Я знал, что Некрасов отказался писать этот сценарий…

Мы пили сухое закарпатское вино, Некрасов односложно отвечал на вопросы, был задумчив, иногда потягивал из бокала и после каждого глотка легко проводил пальцем по нижней кромке аккуратных черных усиков. Что-то грустное шло от его спокойствия и сдержанности, словно в глубине души он уже всё просчитал и знал наверняка, чем и как закончится эта предполагавшаяся на длительный срок поездка во Францию…

Часов около одиннадцати я пошел провожать дорогих гостей до гостиницы, где они поселились. Попрощались у гостиничных дверей. Я видел, как Некрасов удалялся в сумрак холла и скрылся в лифте. Мог ли я думать в тот момент, что это навсегда?..


Львов, 1989.

Гофф Инна

Вика

Только он мог носить это короткое, из детства пришедшее имя. Только он, Виктор Некрасов, мог придать этому имени, несколько инфантильному, женственному, мужское значение.

И когда я потом встретилась на страницах одной книги с Викой Конецким — душа отпрянула, словно от плагиата.
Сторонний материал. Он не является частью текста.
lemma dim_vecs: "finite T \<Longrightarrow> V.dim (vecs T :: (nat \<Rightarrow> 'a::field) set) = card T"
proof -
  assume "finite T"
  have "inj (unit_vec :: nat \<Rightarrow> nat \<Rightarrow> 'a)"
    by (rule injI) (metis unit_vec_def zero_neq_one)
  then have "card (unit_vec ` T :: (nat \<Rightarrow> 'a) set) = card T"
    by (simp add: card_image inj_on_subset)
  moreover have "unit_vec ` T \<subseteq> (vecs T :: (nat \<Rightarrow> 'a) set)"
    by (auto simp: vecs_def unit_vec_def)
  ultimately show ?thesis
    using V.basis_card_eq_dim vecs_subset_span_unit_vecs[OF \<open>finite T\<close>] independent_unit_vecs
    by metis
qed

lemma card_information_set:
  assumes "finite T" and "V.subspace W" and "information_set T W"
  shows "card T = V.dim W"
proof -
  have inj: "inj_on (coord_proj T) W" and onto: "coord_proj T ` W = vecs T"
    using assms(3) by (auto simp: information_set_def bij_betw_def)
  have "V.dim W = V.dim (coord_proj T ` W)"
    using dim_image_eq_of_inj_on[OF linear_coord_proj assms(2) inj] by simp
  also have "\<dots> = card T"
    using assms(1) by (simp add: onto dim_vecs)
  finally show ?thesis ..
qed

text \<open>If dropping \<open>j\<close> from \<open>T\<close> destroys injectivity, a kernel vector of the smaller projection,
  rescaled, is a vector of \<open>W\<close> whose restriction to \<open>T\<close> is the \<open>j\<close>-th unit vector.\<close>

lemma unit_vec_in_coord_proj_image:
  fixes W :: "(nat \<Rightarrow> 'a::field) set"
  assumes W: "V.subspace W" and inj: "inj_on (coord_proj T) W"
    and not_inj: "\<not> inj_on (coord_proj (T - {j})) W" and "j \<in> T"
  shows "unit_vec j \<in> coord_proj T ` W"
proof -
  interpret proj: Vector_Spaces.linear sc sc "coord_proj (T - {j}) :: (nat \<Rightarrow> 'a) \<Rightarrow> _"
    by (rule linear_coord_proj)
  obtain w where w: "w \<in> W" "w \<noteq> 0" "coord_proj (T - {j}) w = 0"
    using not_inj proj.inj_on_iff_eq_0[OF W] by blast
  have "coord_proj T w \<noteq> 0"
    using inj w(1,2) V.subspace_0[OF W] by (metis coord_proj_zero inj_onD)
  then have wj: "w j \<noteq> 0"
    using w(3) by (auto simp: coord_proj_def fun_eq_iff split: if_splits)
  have "coord_proj T (sc (inverse (w j)) w) = unit_vec j"
    using w(3) wj \<open>j \<in> T\<close> by (auto simp: coord_proj_def unit_vec_def sc_apply fun_eq_iff split: if_splits)
  moreover have "sc (inverse (w j)) w \<in> W"
    using W w(1) by (rule V.subspace_scale)
  ultimately show ?thesis
    by (metis image_eqI)
qed

lemma exists_information_set:
  fixes W :: "(nat \<Rightarrow> 'a::field) set"
  assumes "finite I" and W: "V.subspace W" and "W \<subseteq> vecs I"
  obtains T where "T \<subseteq> I" and "information_set T W"
proof -
  define P where "P T \<longleftrightarrow> T \<subseteq> I \<and> inj_on (coord_proj T) W" for T
  have "inj_on (coord_proj I) W"
    using assms(3) by (intro inj_onI) (metis coord_proj_vecs subsetD)
  then have "P I"
    by (simp add: P_def)
  then obtain T where T: "P T" and T_min: "\<And>T'. P T' \<Longrightarrow> card T \<le> card T'"
    using ex_has_least_nat[of P I card] by blast
  have "T \<subseteq> I" and inj: "inj_on (coord_proj T) W"
    using T by (auto simp: P_def)
  have fin_T: "finite T"
    using \<open>T \<subseteq> I\<close> assms(1) by (rule finite_subset)
  interpret proj: Vector_Spaces.linear sc sc "coord_proj T :: (nat \<Rightarrow> 'a) \<Rightarrow> _"
    by (rule linear_coord_proj)
  have "unit_vec j \<in> coord_proj T ` W" if "j \<in> T" for j
  proof (rule unit_vec_in_coord_proj_image[OF W inj _ that])
    show "\<not> inj_on (coord_proj (T - {j})) W"
      using T_min[of "T - {j}"] card_Diff1_less[OF fin_T that] \<open>T \<subseteq> I\<close> by (auto simp: P_def)
  qed
  then have "V.span (unit_vec ` T) \<subseteq> coord_proj T ` W"
    by (intro V.span_minimal proj.subspace_image[OF W]) auto
  then have "vecs T \<subseteq> coord_proj T ` W"
    using vecs_subset_span_unit_vecs[OF fin_T] by blast
  moreover have "coord_proj T ` W \<subseteq> vecs T"
    by (auto simp: coord_proj_def vecs_def)
  ultimately have "information_set T W"
    using inj by (simp add: information_set_def bij_betw_def)
  with \<open>T \<subseteq> I\<close> show ?thesis
    by (rule that)
qed

section \<open>Weights and puncturing\<close>

lemma support_subset_vecs: "x \<in> vecs I \<Longrightarrow> {i. x i \<noteq> 0} \<subseteq> I"
  by (auto simp: vecs_def)

lemma wt_le_card: "x \<in> vecs I \<Longrightarrow> finite I \<Longrightarrow> wt x \<le> card I"
  unfolding wt_def by (intro card_mono support_subset_vecs)

lemma min_dist_le_wt:
  assumes "C \<subseteq> vecs I" and "finite I" and "x \<in> C" and "x \<noteq> 0"
  shows "min_dist C \<le> wt x"
proof -
  have "{wt x |x. x \<in> C \<and> x \<noteq> 0} \<subseteq> {..card I}"
    using assms(1,2) by (auto intro: wt_le_card)
  then have "finite {wt x |x. x \<in> C \<and> x \<noteq> 0}"
    by (rule finite_subset) simp
  then show ?thesis
    unfolding min_dist_def using assms(3,4) by (intro Min_le) auto
qed

lemma wt_le_wt_coord_proj:
  assumes "finite {i. x i \<noteq> 0}" and "finite T"
  shows "wt x \<le> wt (coord_proj (- T) x) + card T"
proof -
  have "{i. coord_proj (- T) x i \<noteq> 0} \<subseteq> {i. x i \<noteq> 0}"
    by (auto simp: coord_proj_def)
  then have "finite ({i. coord_proj (- T) x i \<noteq> 0} \<union> T)"
    using assms finite_subset by blast
  moreover have "{i. x i \<noteq> 0} \<subseteq> {i. coord_proj (- T) x i \<noteq> 0} \<union> T"
    by (auto simp: coord_proj_def)
  ultimately have "wt x \<le> card ({i. coord_proj (- T) x i \<noteq> 0} \<union> T)"
    unfolding wt_def by (rule card_mono)
  also have "\<dots> \<le> wt (coord_proj (- T) x) + card T"
    unfolding wt_def by (rule card_Un_le)
  finally show ?thesis .
qed

lemma linear_code_puncture:
  assumes "linear_code I C"
  shows "linear_code (I - T) (puncture T C)"
proof -
  interpret proj: Vector_Spaces.linear sc sc "coord_proj (- T) :: (nat \<Rightarrow> 'a) \<Rightarrow> _"
    by (rule linear_coord_proj)
  have C: "C \<subseteq> vecs I" "V.subspace C"
    using assms by (auto simp: linear_code_def)
  then have "coord_proj (- T) ` C \<subseteq> vecs (I - T)"
    by (auto simp: vecs_def coord_proj_def)
  moreover have "V.subspace (coord_proj (- T) ` C)"
    by (rule proj.subspace_image[OF C(2)])
  ultimately show ?thesis
    by (simp add: linear_code_def puncture_eq_image)
qed

lemma inj_on_puncture:
  assumes code: "linear_code I C" and "finite I" "finite T" and small: "card T < min_dist C"
  shows "inj_on (coord_proj (- T)) C"
proof -
  interpret proj: Vector_Spaces.linear sc sc "coord_proj (- T) :: (nat \<Rightarrow> 'a) \<Rightarrow> _"
    by (rule linear_coord_proj)
  have C_vecs: "C \<subseteq> vecs I"
    using code by (simp add: linear_code_def)
  have "x = 0" if "x \<in> C" and proj_x: "coord_proj (- T) x = 0" for x
  proof (rule ccontr)
    assume "x \<noteq> 0"
    have "x i = 0" if "i \<notin> T" for i
      using fun_cong[OF proj_x, of i] that by (simp add: coord_proj_def)
    then have "{i. x i \<noteq> 0} \<subseteq> T"
      by blast
    with \<open>finite T\<close> have "wt x \<le> card T"
      unfolding wt_def by (rule card_mono)
    moreover have "min_dist C \<le> wt x"
      by (rule min_dist_le_wt[OF C_vecs \<open>finite I\<close> \<open>x \<in> C\<close> \<open>x \<noteq> 0\<close>])
    ultimately show False
      using small by simp
  qed
  moreover have "V.subspace C"
    using code by (simp add: linear_code_def)
  ultimately show ?thesis
    using proj.inj_on_iff_eq_0 by blast
qed
lemma safe_prog_fold:
  assumes safe: "safe_prog M P" and defs: "head_vars_in_bodies Df" and "Bs \<noteq> []"
    and newp_defs: "{E\<in>Df. hpred E = newp} = {Clause newp (map V xs) B | B. B \<in> set Bs}"
    and folded: "\<forall>B\<in>set Bs. cf B \<in> P \<and> variant (cf B) (Clause h hs (G1 @ map (asubst \<theta>) B @ G2))"
  shows "safe_prog M ((P - cf ` set Bs) \<union> {Clause h hs (G1 @ [At newp (map \<theta> xs)] @ G2)})"
proof -
  have "safe_clause M (Clause h hs (G1 @ At newp (map \<theta> xs) # G2))"
  proof (rule safe_clause_fold)
    show "\<forall>x\<in>set xs. \<exists>B\<in>set Bs. x \<in> gvars B"
      using folding_head_vars_covered[OF defs \<open>Bs \<noteq> []\<close> newp_defs] .
    show "\<forall>B\<in>set Bs. safe_clause M (Clause h hs (G1 @ map (asubst \<theta>) B @ G2))"
      using folded safe safe_clause_variant unfolding safe_prog_def by blast
  qed (use \<open>Bs \<noteq> []\<close> in simp)
  then show ?thesis
    by (intro safe_prog_replace[OF safe]) simp
qed

lemma tstep_safe_prog:
  assumes step: "tstep True M P0 H Df P Df' P'" and safe: "safe_prog M P" "safe_prog M Df'"
    and defs: "head_vars_in_bodies Df"
  shows "safe_prog M P'"
  using step
proof cases
  case (R1_definition Bs newp xs N)
  then show ?thesis
    using safe by simp
next
  case (R3_unfolding C G1 q us G2 ren U \<theta>)
  have "U \<subseteq> P"
    using R3_unfolding(7) by blast
  with R3_unfolding(3,4,5,8,9) show ?thesis
    unfolding R3_unfolding(2) by (intro safe_prog_unfold[OF safe(1)]) auto
next
  case (R4_folding Bs newp xs \<theta> h hs G1 G2 cf)
  show ?thesis
    unfolding R4_folding(2) by (rule safe_prog_fold[OF safe(1) defs R4_folding(3,4,6)])
next
  case (R6_head_generalization C p X t hs B)
  show ?thesis
    unfolding R6_head_generalization(2)
    by (rule safe_prog_replace_clause[OF safe(1) R6_head_generalization(4)])
      (use R6_head_generalization safe_clause_head_generalization in auto)
next
  case (R7_case_split C X t)
  show ?thesis
    unfolding R7_case_split(2)
    by (rule safe_prog_replace_clause[OF safe(1) R7_case_split(3)], cases C)
      (use R7_case_split safe_clause_case_split_neq safe_clause_case_split_subst in auto)
next
  case (R8_equation_elimination_unif C h hs G1 t1 t2 G2 \<theta>)
  show ?thesis
    unfolding R8_equation_elimination_unif(2)
    by (rule safe_prog_replace_clause[OF safe(1) R8_equation_elimination_unif(4)])
      (use R8_equation_elimination_unif safe_clause_eq_elim in auto)
next
  case (R9_1 C h hs G1 t1 t2 G2)
  show ?thesis
    unfolding R9_1(2)
    by (rule safe_prog_replace_clause[OF safe(1) R9_1(4)])
      (use R9_1 safe_clause_delete_atom[of M h hs G1 "Neq t1 t2" G2] in auto)
next
  case (R9_2 C h hs G1 f ts us G2)
  have args: "tvars (ts ! i) \<union> tvars (us ! i) \<subseteq> tvars (F f ts) \<union> tvars (F f us)"
    if "i < length ts" for i
    using that R9_2(5) nth_mem by fastforce
  show ?thesis
    unfolding R9_2(2)
    by (rule safe_prog_replace_clause[OF safe(1) R9_2(4)])
      (use args R9_2(3) safe_clause_replace_neq[of M h hs G1 "F f ts" "F f us"] in auto)
next
  case (R9_4 C h hs G1 t X G2)
  show ?thesis
    unfolding R9_4(2)
    by (rule safe_prog_replace_clause[OF safe(1) R9_4(4)])
      (use R9_4(3) safe_clause_replace_neq[of M h hs G1 t "V X" G2 "V X" t] in auto)
next
  case (R9_5 C h hs G1 X t1 G2 t2 G3 L1 L2 \<rho>)
  show ?thesis
    unfolding R9_5(2)
    by (rule safe_prog_replace_clause[OF safe(1) R9_5(4)])
      (use R9_5(3) safe_clause_delete_atom[of M h hs "G1 @ [Neq (V X) t1] @ G2" "Neq (V X) t2" G3]
        in auto)
qed (use safe(1) in \<open>auto simp: safe_prog_def\<close>)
Обаяние мужества. В его облике и в его прозе. Оно действовало гипнотически, равно на мужчин и женщин. Он предпочитал общество мужчин, нечто среднее между окопным братством и рыцарским орденом. Впрочем, и с женщинами дружил тоже. Двух я знала. Это были милые, очень интеллигентные женщины, достойно несущие груз повседневных забот. Они его боготворили. Он отвечал им нежной привязанностью.

Не знаю другого человека, в ком потребность любви была бы столь сильной и неутолимой. В Некрасове эта потребность была сродни кислородному голоданию. Друзья, — они тянулись сквозь всю его жизнь, часто с детства, — щедро одаряли его своей любовью. Иногда он влюблялся сам. Но, в отличие от сильного, ровного пламени дружбы, такая внезапная его влюбленность так же внезапно и гасла. И тогда недавний кумир уподоблялся тому, кто всерьез бы принял чеховское: «Если тебе понадобится моя жизнь, приди и возьми ее…»

Нет, Некрасов не готов был внутренне отдать свою жизнь тому, кто уже собирался прийти и взять

Самой сильной любовью его была Зинаида Николаевна. Мама. «Правда, у меня хорошая мама?» — часто спрашивал он. Вопрос-утверждение.

Небольшого роста, полноватая, в очках, в панаме, постоянно с книгой в руках — такой я ее помню.

Внимательные глаза. В голосе нестарческая энергия.

Как-то зимой в Малеевке, где мы оказались одновременно, я рассказывала ей о Франции, откуда мы с мужем недавно вернулись. Подошел Некрасов.

— Вика, в июне мы едем в Париж, — объявила она. Как о деле решенном.

— Хорошо, мама, — сказал он.

Не стал говорить, что это сложно. Почти немыслимо в ее возрасте — ей шел восьмой десяток. Кто пустит?!

«Хорошо, мама…»

Вместо бессмысленных споров и обсуждений, в которые я пустилась бы на его месте. Это надолго стало мне уроком.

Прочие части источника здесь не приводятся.